Most Frequent IDs - Problem
Imagine you're building a real-time analytics system that tracks the popularity of different content IDs on a social media platform. As users interact with content throughout the day, IDs get added to or removed from your tracking system, and you need to continuously monitor which content is currently most popular.
You're given two arrays of equal length n:
- nums: An array where each element represents a content ID
- freq: An array where each element indicates how many times the corresponding ID should be added (positive values) or removed (negative values) from your tracking system
At each step i, you update your collection based on nums[i] and freq[i], then need to report the count of the most frequent ID currently in your system.

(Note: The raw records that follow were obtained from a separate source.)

(* A hermitian operator $R$ on $\mathcal H_{2N-1}\otimes\cdots\otimes\mathcal H_0$ satisfies the normalization conditions of a deterministic quantum $N$-comb (i.e. there exist $R^{(n)}$ as in the definition) if and only if $$R=\frac{1}{d_{2N-1}d_{2N-3}\cdots d_1}\,I_{2N-1,\dots,0}+X$$ for some $X$ in the real linear span of $\mathbb D_{(N)}$. Consequently $R$ is a deterministic quantum $N$-comb iff it is positive and of this form.
   Context: All Hilbert spaces are finite-dimensional, $d_k=\dim\mathcal H_k$, $I_k$ is the identity on $\mathcal H_k$ and $I_{2N-1,\dots,0}$ the identity on the whole space. A deterministic quantum $N$-comb is a positive operator $R$ for which there are operators $R^{(n)}$ on $\mathcal H_0\otimes\cdots\otimes\mathcal H_{2n-1}$, $n=1,\dots,N$, with $R^{(N)}=R$, $\operatorname{Tr}_{2n-1}R^{(n)}=I_{2n-2}\otimes R^{(n-1)}$ for $2\le n\le N$, and $\operatorname{Tr}_1R^{(1)}=I_0$. For each $k$ let $\{E^{(k)}_a\}_{a=2}^{d_k^2}$ be a basis of traceless hermitian operators on $\mathcal H_k$, and for even $k$ let $\{F^{(k)}_j\}$ be a basis of hermitian operators on $\mathcal H_k\otimes\cdots\otimes\mathcal H_0$. $\mathbb D_{(N)}$ is the set of operators $I_{2N-1}\otimes\cdots\otimes I_{2n}\otimes E^{(2n-1)}_a\otimes F^{(2n-2)}_j$, $n=1,\dots,N$. *)

theory Defs
  imports Complex_Main
begin

text \<open>The Hilbert space H_k has dimension d k and orthonormal basis
indexed by 0..<d k. A basis vector of H_{m-1} (x) ... (x) H_0 is a multi-index
i :: nat => nat with i k < d k for k < m and i k = 0 for k >= m.
An operator on that space is represented by its matrix entries
A :: (nat => nat) => (nat => nat) => complex, required to vanish outside the
index set (predicate is_op). Operators on a single factor H_k are matrices
E :: nat => nat => complex vanishing outside {0..<d k}.\<close>

type_synonym op = "(nat \<Rightarrow> nat) \<Rightarrow> (nat \<Rightarrow> nat) \<Rightarrow> complex"
type_synonym sop = "nat \<Rightarrow> nat \<Rightarrow> complex"

definition idx :: "(nat \<Rightarrow> nat) \<Rightarrow> nat \<Rightarrow> (nat \<Rightarrow> nat) set" where
  "idx d m = {i. (\<forall>k<m. i k < d k) \<and> (\<forall>k\<ge>m. i k = 0)}"
(* Let $a \geq 1$ and $\alpha > 0$. Consider the scalar system $X_{n+1} = a X_n + Z_n - U_n$, $n = 1, 2, \ldots$, where $X_1, Z_1, Z_2, \ldots$ are independent real random variables with bounded $\alpha$-th moments, i.e. $\mathbb{E}[|X_1|^\alpha] < \infty$ and $\sup_n \mathbb{E}[|Z_n|^\alpha] < \infty$. Then for every $0 < \beta < \alpha$, $$M^\star_\beta \leq \lfloor a \rfloor + 1.$$
   Context: An $M$-bin causal quantizer-controller is a sequence $\{\mathsf f_n, \mathsf g_n\}_{n=1}^\infty$ of (measurable) maps $\mathsf f_n \colon \mathbb{R}^n \to [M] = \{1,\ldots,M\}$ and $\mathsf g_n \colon [M]^n \to \mathbb{R}$; the control at time $n$ is $U_n = \mathsf g_n(\mathsf f_1(X_1), \mathsf f_2(X_1,X_2), \ldots, \mathsf f_n(X_1,\ldots,X_n))$. For $\beta > 0$, $M^\star_\beta$ is the minimum $M$ such that there exists an $M$-bin causal quantizer-controller for which the resulting state process satisfies $\limsup_{n\to\infty} \mathbb{E}[|X_n|^\beta] < \infty$ ($\beta$-moment stability). *)

theory Defs
  imports "HOL-Probability.Probability"
begin

text \<open>Given the initial state x1, the noise
sequence z (z n = Z_n for n \<ge> 1), the quantizers f (f k maps (X_1,...,X_k),
encoded as a function on {1..k}, to a bin) and the controllers g (g n maps the bin
sequence on {1..n} to a real control), traj n is a function whose values at the
indices 1..n+1 are the states X_1,...,X_{n+1}.\<close>

primrec traj :: "real \<Rightarrow> (nat \<Rightarrow> (nat \<Rightarrow> real) \<Rightarrow> nat) \<Rightarrow> (nat \<Rightarrow> (nat \<Rightarrow> nat) \<Rightarrow> real)
    \<Rightarrow> real \<Rightarrow> (nat \<Rightarrow> real) \<Rightarrow> nat \<Rightarrow> (nat \<Rightarrow> real)" where
  "traj a f g x1 z 0 = (\<lambda>_. x1)"
| "traj a f g x1 z (Suc n) =
     (let xs = traj a f g x1 z n;
          m = Suc n;
          u = g m (\<lambda>k\<in>{1..m}. f k (\<lambda>j\<in>{1..k}. xs j))
      in xs(Suc m := a * xs m + z m - u))"

definition state :: "real \<Rightarrow> (nat \<Rightarrow> (nat \<Rightarrow> real) \<Rightarrow> nat) \<Rightarrow> (nat \<Rightarrow> (nat \<Rightarrow> nat) \<Rightarrow> real)
    \<Rightarrow> ('w \<Rightarrow> real) \<Rightarrow> (nat \<Rightarrow> 'w \<Rightarrow> real) \<Rightarrow> nat \<Rightarrow> 'w \<Rightarrow> real" where
  "state a f g X1 Z n \<omega> = traj a f g (X1 \<omega>) (\<lambda>k. Z k \<omega>) n n"
lemma exists_small_pair_at_distance:
  fixes h :: "real \<Rightarrow> real"
  assumes "continuous_on UNIV h" and "\<And>s. 0 \<le> h s"
    and "2 * integral {-\<sigma>..\<sigma>} h < c * \<sigma>" and "t \<in> {0..\<sigma>}"
  shows "\<exists>s\<in>{0..\<sigma>}. h s < c \<and> h (s - t) < c"
proof (rule ccontr)
  assume "\<not> ?thesis"
  then have sum_ge: "c \<le> h s + h (s - t)" if "s \<in> {0..\<sigma>}" for s
    using that assms(2)[of s] assms(2)[of "s - t"] by force
  have cont_on: "continuous_on A h" "continuous_on A (\<lambda>s. h (s - t))" for A
    by (auto intro!: continuous_on_subset[OF assms(1)] continuous_on_compose2[OF assms(1)]
        continuous_intros)
  have shifted: "integral {0..\<sigma>} (\<lambda>s. h (s - t)) = integral {-t..\<sigma>-t} h"
    using integral_shift_Icc_real[of 0 \<sigma> h "-t"] by (simp add: comp_def)
  have "c * \<sigma> = integral {0..\<sigma>} (\<lambda>s. c)"
    using assms(4) by simp
  also have "\<dots> \<le> integral {0..\<sigma>} (\<lambda>s. h s + h (s - t))"
    using sum_ge by (intro integral_le integrable_continuous_interval continuous_intros cont_on) auto
  also have "\<dots> = integral {0..\<sigma>} h + integral {-t..\<sigma>-t} h"
    by (simp add: integral_add integrable_continuous_interval cont_on shifted)
  also have "\<dots> \<le> 2 * integral {-\<sigma>..\<sigma>} h"
    using assms(2,4) integral_subset_le[of "{0..\<sigma>}" "{-\<sigma>..\<sigma>}" h]
      integral_subset_le[of "{-t..\<sigma>-t}" "{-\<sigma>..\<sigma>}" h]
    by (auto simp: integrable_continuous_interval cont_on)
  finally show False
    using assms(3) by linarith
qed

lemma uniformly_convex_scaled:
  assumes "uniformly_convex TYPE('a::real_normed_vector)" and "0 < \<epsilon>"
  obtains d where "0 < d"
    and "\<And>r x y::'a. norm x \<le> r \<Longrightarrow> norm y \<le> r \<Longrightarrow> 2 * (1 - d) * r < norm (x + y)
           \<Longrightarrow> norm (x - y) < \<epsilon> * r"
proof -
  obtain d where "0 < d" and uc: "\<And>x y::'a. norm x \<le> 1 \<Longrightarrow> norm y \<le> 1 \<Longrightarrow> \<epsilon> \<le> norm (x - y)
      \<Longrightarrow> norm ((x + y) /\<^sub>R 2) \<le> 1 - d"
    using assms unfolding uniformly_convex_def by blast
  have "norm (x - y) < \<epsilon> * r"
    if x: "norm x \<le> r" and y: "norm y \<le> r" and sum: "2 * (1 - d) * r < norm (x + y)"
    for r :: real and x y :: 'a
  proof (rule ccontr)
    assume far: "\<not> norm (x - y) < \<epsilon> * r"
    have r: "0 < r"
    proof (rule ccontr)
      assume "\<not> 0 < r"
      then have "norm x = 0" and "norm y = 0" and "r = 0"
        using x y norm_ge_zero[of x] norm_ge_zero[of y] by linarith+
      with sum show False
        by simp
    qed
    have "norm (x /\<^sub>R r) \<le> 1" and "norm (y /\<^sub>R r) \<le> 1"
      using x y r by (simp_all add: divide_le_eq_1 inverse_eq_divide)
    moreover have "\<epsilon> \<le> norm (x /\<^sub>R r - y /\<^sub>R r)"
      using far r by (simp add: le_divide_eq inverse_eq_divide flip: scaleR_diff_right)
    ultimately have "norm ((x /\<^sub>R r + y /\<^sub>R r) /\<^sub>R 2) \<le> 1 - d"
      by (rule uc)
    also have "(x /\<^sub>R r + y /\<^sub>R r) /\<^sub>R 2 = (1 / (2 * r)) *\<^sub>R (x + y)"
      by (simp add: scaleR_add_right inverse_eq_divide)
    finally have "norm (x + y) \<le> 2 * (1 - d) * r"
      using r by (simp add: pos_divide_le_eq mult_ac)
    with sum show False
      by linarith
  qed
  with \<open>0 < d\<close> show thesis
    by (rule that)
qed

lemma
  assumes "isometric_rep \<rho>"
  shows isometric_rep_linear: "linear (\<rho> t)"
    and isometric_rep_norm: "norm (\<rho> t x) = norm x"
    and isometric_rep_zero: "\<rho> 0 = id"
    and isometric_rep_add: "\<rho> (s + t) x = \<rho> s (\<rho> t x)"
    and isometric_rep_continuous: "continuous_on UNIV (\<lambda>t. \<rho> t x)"
  using assms unfolding isometric_rep_def by auto
lemma length_le_if_Psi:
  assumes pr: "s_primitive S" and "Psi S" and k: "4 \<le> card (set S)"
    and short: "\<And>U. sublist U S \<Longrightarrow> \<not> set S \<subseteq> set U \<Longrightarrow> length U \<le> g"
    and g: "card (set S) - 1 \<le> g"
  shows "length S \<le> (2 * card (set S) - 2) * g"
proof (cases "length S \<le> 2 * card (set S)")
  case True
  have "2 * card (set S) \<le> (2 * card (set S) - 2) * 3"
    using k by simp
  also have "\<dots> \<le> (2 * card (set S) - 2) * g"
    using k g by (intro mult_le_mono2) simp
  finally show ?thesis
    using True by simp
next
  case False
  obtain X' x where X: "first_occurrences S = X' @ [x]"
    using k by (cases "first_occurrences S" rule: rev_cases) (auto simp: first_occurrences_def)
  have len_X: "length (X' @ [x]) = card (set S)"
    using distinct_card[OF distinct_first_occurrences[of S]] set_first_occurrences[of S] X by simp
  \<comment> \<open>A leading x is dropped from the last-occurrence order, so that no letter repeats at the
    junction of the candidate cover X' x Ys.\<close>
  obtain Y0 Ys where Y: "remdups S = Y0 @ Ys" "set Y0 \<subseteq> {x}" "Ys \<noteq> []" "hd Ys \<noteq> x"
    using distinct_split_hd_neq[of "remdups S"] k by (auto simp: length_remdups_card_conv)
  have "length (X' @ x # Ys) < length S"
    using False len_X arg_cong[OF Y(1), of length] by (simp add: length_remdups_card_conv)
  then obtain p where p: "p < length S"
    and uncovered: "\<not> covers_position (X' @ x # Ys) S p"
    using pr unfolding s_primitive_def s_cover_iff by blast
  then obtain X1 X2 Y1 Y2 where X12: "X' @ [x] = X1 @ S ! p # X2" and Y12: "Ys = Y1 @ S ! p # Y2"
    and bound: "length S \<le> (Suc (length Y1) + Suc (length X2)) * g"
    using uncovered_position_length_le[OF short p uncovered X Y] by blast
  have "2 \<le> length X1 + length Y2"
    using Psi_first_last_offsets[OF \<open>Psi S\<close> s_primitive_imp_distinct_adj[OF pr], of X1 "S ! p" X2 "Y0 @ Y1" Y2]
      False k X X12 Y(1) Y12 by simp
  moreover have "length Y0 + length Ys = card (set S)"
    using arg_cong[OF Y(1), of length] by (simp add: length_remdups_card_conv)
  ultimately have "Suc (length Y1) + Suc (length X2) \<le> 2 * card (set S) - 2"
    using len_X X12 Y12 by simp
  then show ?thesis
    using bound mult_le_mono1 order_trans by blast
qed

theorem mainTheorem10:
  fixes S :: "'a list" and k :: nat
  assumes "k = card (Alph S)" and "k \<ge> 4"
    and "Psi S" and "s_primitive S"
  shows "enat (length S) \<le> enat (2 * k - 2) * gamma (k - 1)"
proof (cases "gamma (k - 1)")
  case (enat g)
  have "length S \<le> (2 * k - 2) * g"
    unfolding assms(1) Alph_def
  proof (rule length_le_if_Psi)
    show "length U \<le> g" if "sublist U S" "\<not> set S \<subseteq> set U" for U
      using sublist_length_le_gamma[OF \<open>s_primitive S\<close> that] enat assms(1) by (simp add: Alph_def)
    show "card (set S) - 1 \<le> g"
      using le_gamma[of "k - 1"] enat assms(1) by (simp add: Alph_def)
  qed (use assms in \<open>auto simp: Alph_def\<close>)
  then show ?thesis
    using enat by simp
next
  case infinity
  then show ?thesis
    using \<open>k \<ge> 4\<close> by simp
qed

end
lemma penalized_max_exists:
  assumes K: "linear_fibre_bound K" "K \<le> C" and "g \<in> carrier G"
  obtains w0 where "penalized_max C g w0"
proof -
  obtain u0 where u0: "set u0 \<subseteq> Xg" "pr (word_eval E phi u0) = g"
    using pr_word_eval_onto[OF assms(3)] .
  have bounded: "\<exists>n. penalized C w = iota n \<otimes> word_eval E phi u0 \<and> n \<le> K * int (length u0)"
    if w: "set w \<subseteq> Xg \<and> pr (word_eval E phi w) = g" for w
  proof -
    have "pr (word_eval E phi w) = pr (word_eval E phi u0)"
      using w u0(2) by simp
    then obtain n where "penalized C w = iota n \<otimes> word_eval E phi u0" "n \<le> K * int (length u0)"
      using penalized_offset[OF K conjunct1[OF w] u0(1)] by blast
    then show ?thesis
      by blast
  qed
  have "set u0 \<subseteq> Xg \<and> pr (word_eval E phi u0) = g"
    using u0 by simp
  then obtain w0 where "set w0 \<subseteq> Xg \<and> pr (word_eval E phi w0) = g"
    "\<And>w. set w \<subseteq> Xg \<and> pr (word_eval E phi w) = g \<Longrightarrow> fibre_le iota E (penalized C w) (penalized C w0)"
    using fibre_le_max_exists[where P = "\<lambda>w. set w \<subseteq> Xg \<and> pr (word_eval E phi w) = g"
        and f = "penalized C", OF word_eval_gens_closed[OF u0(1)] _ bounded]
    by blast
  then have "penalized_max C g w0"
    unfolding penalized_max_def by blast
  then show ?thesis
    by (rule that)
qed

lemma penalized_max_subword_bound:
  assumes K: "linear_fibre_bound K" and max: "penalized_max C g (a @ v @ b)"
    and u: "set u \<subseteq> Xg" "pr (word_eval E phi u) = pr (word_eval E phi v)"
  shows "(C - K) * int (length v) \<le> (C + K) * int (length u)"
proof -
  have abv: "set a \<subseteq> Xg" "set v \<subseteq> Xg" "set b \<subseteq> Xg"
    using max unfolding penalized_max_def by auto
  obtain j where j: "word_eval E phi v = iota j \<otimes> word_eval E phi u"
    using same_fibre_iota[of "word_eval E phi v" "word_eval E phi u"] abv(2) u by auto
  then have jK: "j \<le> K * (int (length v) + int (length u))"
    using K abv(2) u(1) unfolding linear_fibre_bound_def by blast
  define w1 where "w1 = a @ u @ b"
  have w1: "set w1 \<subseteq> Xg"
    unfolding w1_def using abv u(1) by simp
  have "phi ` (set a \<union> set v \<union> set u \<union> set b) \<subseteq> carrier E"
    using abv u(1) phi_closed by blast
  from word_eval_splice[OF this j]
  have ev: "word_eval E phi (a @ v @ b) = iota j \<otimes> word_eval E phi w1"
    unfolding w1_def .
  then have "pr (word_eval E phi w1) = g"
    using max w1 unfolding penalized_max_def by simp
  then have "fibre_le iota E (penalized C w1) (penalized C (a @ v @ b))"
    using max w1 unfolding penalized_max_def by blast
  moreover have "penalized C w1 = iota (0 - C * int (length w1)) \<otimes> word_eval E phi w1"
    using w1 by (intro penalized_eq) simp_all
  moreover have
    "penalized C (a @ v @ b) = iota (j - C * int (length (a @ v @ b))) \<otimes> word_eval E phi w1"
    using abv w1 ev by (intro penalized_eq) simp_all
  ultimately have "0 - C * int (length w1) \<le> j - C * int (length (a @ v @ b))"
    using fibre_le_iota_mult w1 by simp
  then show ?thesis
    using jK unfolding w1_def by (simp add: algebra_simps)
qed

lemma penalized_max_segment_bound:
  assumes K: "linear_fibre_bound K" and "K < C" and max: "penalized_max C g w0"
    and st: "s \<le> t" "t \<le> length w0"
  shows "int (t - s) \<le> (C + K) * int (quotient_dist (prefix_image w0 s) (prefix_image w0 t))"
proof -
  define v where "v = take (t - s) (drop s w0)"
  have w0: "set w0 \<subseteq> Xg"
    using max unfolding penalized_max_def by simp
  have prefix: "set (take s w0) \<subseteq> Xg" "set v \<subseteq> Xg"
    unfolding v_def using w0 set_take_subset set_drop_subset by fastforce+
  have "take t w0 = take s w0 @ v"
    unfolding v_def using take_add[of s "t - s" w0] st(1) by simp
  then have split: "w0 = take s w0 @ v @ drop t w0"
    using append_take_drop_id[of t w0] by simp
  have "penalized_max C g (take s w0 @ v @ drop t w0)"
    by (subst split[symmetric]) (rule max)
  moreover have P: "prefix_image w0 i \<in> carrier G" for i
    using word_eval_gens_closed[OF subset_trans[OF set_take_subset w0]] by simp
  obtain u where u: "set u \<subseteq> Xg" "length u = quotient_dist (prefix_image w0 s) (prefix_image w0 t)"
    "pr (word_eval E phi u) = inv\<^bsub>G\<^esub> prefix_image w0 s \<otimes>\<^bsub>G\<^esub> prefix_image w0 t"
    using lift_geodesic[OF P P] by blast
  have "prefix_image w0 t = prefix_image w0 s \<otimes>\<^bsub>G\<^esub> pr (word_eval E phi v)"
    using \<open>take t w0 = take s w0 @ v\<close> prefix by (simp add: word_eval_gens_append)
  then have "pr (word_eval E phi u) = pr (word_eval E phi v)"
    using u(3) P prefix(2) by (simp add: pr.H.m_assoc[symmetric])
  ultimately have "(C - K) * int (length v) \<le> (C + K) * int (length u)"
    by (rule penalized_max_subword_bound[OF K _ u(1)])
  moreover have "length v = t - s"
    unfolding v_def using st by simp
  ultimately have "(C - K) * int (t - s) \<le> (C + K) * int (length u)"
    by simp
  moreover have "int (t - s) \<le> (C - K) * int (t - s)"
    using \<open>K < C\<close> by (simp add: mult_le_cancel_right1)
  ultimately show ?thesis
    unfolding u(2) by linarith
qed

lemma penalized_max_quasigeodesic:
  assumes K: "linear_fibre_bound K" "0 \<le> K" and "K < C" and max: "penalized_max C g w0"
  shows "quasigeodesic_path quotient_dist (of_int (C + K)) 0 (prefix_image w0) (length w0)"
proof (rule quasigeodesic_pathI)
  define ws where "ws = map (\<lambda>x. pr (phi x)) w0"
  have w0: "set w0 \<subseteq> Xg"
    using max unfolding penalized_max_def by simp
  have ws: "set ws \<subseteq> quotient_gens"
    unfolding ws_def using w0 by auto
  have P_closed: "word_eval G id (take t ws) \<in> carrier G" for t
    using Q.word_eval_gens_closed[OF subset_trans[OF set_take_subset ws]] .
  have path: "prefix_image w0 t = word_eval G id (take t ws)" for t
    unfolding ws_def take_map using pr_word_eval[OF subset_trans[OF set_take_subset w0]] .
  show "1 \<le> real_of_int (C + K)"
    using assms(2,3) by simp
  fix s t
  show "quotient_dist (prefix_image w0 s) (prefix_image w0 t) =
      quotient_dist (prefix_image w0 t) (prefix_image w0 s)"
    unfolding path by (rule Q.word_dist_commute[OF P_closed P_closed])
  assume st: "s \<le> t" "t \<le> length w0"
  let ?d = "quotient_dist (prefix_image w0 s) (prefix_image w0 t)"
  have "real_of_int (int (t - s)) \<le> real_of_int ((C + K) * int ?d)"
    using penalized_max_segment_bound[OF K(1) assms(3) max st] by (simp only: of_int_le_iff)
  moreover have "?d \<le> t - s"
    unfolding path by (rule Q.word_dist_take_le[OF ws st(1)])
  ultimately show "?d \<le> t - s \<and> real (t - s) \<le> real_of_int (C + K) * real ?d"
    by simp
qed

end

theorem lemma2p1:
  fixes G :: "('g, 'c) monoid_scheme" and E :: "('e, 'b) monoid_scheme"
    and iota :: "int \<Rightarrow> 'e" and pr :: "'e \<Rightarrow> 'g"
    and Xg :: "'x set" and phi :: "'x \<Rightarrow> 'e"
  assumes hyp: "hyperbolic_group G"
    and ext: "central_extension iota E pr G"
    and finX: "finite Xg"
    and phiX: "phi ` Xg \<subseteq> carrier E"
    and symm: "\<forall>x\<in>Xg. inv\<^bsub>E\<^esub> (phi x) \<in> phi ` Xg"
    and gen: "generate E (phi ` Xg) = carrier E"
  shows "\<exists>C::int. C > 0 \<and>
    (\<forall>g\<in>carrier G. \<exists>w0. set w0 \<subseteq> Xg \<and> pr (word_eval E phi w0) = g \<and>
        (\<forall>w. set w \<subseteq> Xg \<and> pr (word_eval E phi w) = g \<longrightarrow>
           fibre_le iota E (word_eval E phi w \<otimes>\<^bsub>E\<^esub> iota (- C * int (length w)))
                        (word_eval E phi w0 \<otimes>\<^bsub>E\<^esub> iota (- C * int (length w0))))) \<and>
    (\<exists>lam::real. lam > 0 \<and>
      (\<forall>g\<in>carrier G. \<forall>w0. set w0 \<subseteq> Xg \<and> pr (word_eval E phi w0) = g \<and>
        (\<forall>w. set w \<subseteq> Xg \<and> pr (word_eval E phi w) = g \<longrightarrow>
           fibre_le iota E (word_eval E phi w \<otimes>\<^bsub>E\<^esub> iota (- C * int (length w)))
                        (word_eval E phi w0 \<otimes>\<^bsub>E\<^esub> iota (- C * int (length w0))))
        \<longrightarrow> quasigeodesic_path (word_dist G ((\<lambda>x. pr (phi x)) ` Xg)) lam 0
              (\<lambda>t. pr (word_eval E phi (take t w0))) (length w0)))"
proof -
  interpret central_ext_gens G E iota pr Xg phi
    using assms by (simp add: central_ext_gens_def central_ext_def central_ext_gens_axioms_def)
  obtain K where K: "K \<ge> 0" "linear_fibre_bound K"
    by (rule ex_linear_fibre_bound)
  define C where "C = K + 1"
  then have "K < C"
    by simp
  have "\<forall>g\<in>carrier G. \<exists>w0. penalized_max C g w0"
    using penalized_max_exists[OF K(2) less_imp_le[OF \<open>K < C\<close>]] by blast
  moreover have "\<forall>g\<in>carrier G. \<forall>w0. penalized_max C g w0 \<longrightarrow>
      quasigeodesic_path quotient_dist (of_int (C + K)) 0 (prefix_image w0) (length w0)"
    using penalized_max_quasigeodesic[OF K(2,1) \<open>K < C\<close>] by blast
  moreover have "C > 0" "real_of_int (C + K) > 0"
    unfolding C_def using K(1) by simp_all
  ultimately show ?thesis
    unfolding penalized_max_def penalized_def by blast
qed

end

Example: If nums = [2, 3, 2, 1] and freq = [3, 2, -2, 1]:
- Step 0: Add 3 copies of ID 2 → Collection: {2: 3} → Most frequent count: 3
- Step 1: Add 2 copies of ID 3 → Collection: {2: 3, 3: 2} → Most frequent count: 3
- Step 2: Remove 2 copies of ID 2 → Collection: {2: 1, 3: 2} → Most frequent count: 2
- Step 3: Add 1 copy of ID 1 → Collection: {2: 1, 3: 2, 1: 1} → Most frequent count: 2
Return an array where each element represents the count of the most frequent ID after each step. If the collection becomes empty at any point, return 0 for that step.
Input & Output
example_1.py — Basic Operations
$
Input:
nums = [2, 3, 2, 1], freq = [3, 2, -2, 1]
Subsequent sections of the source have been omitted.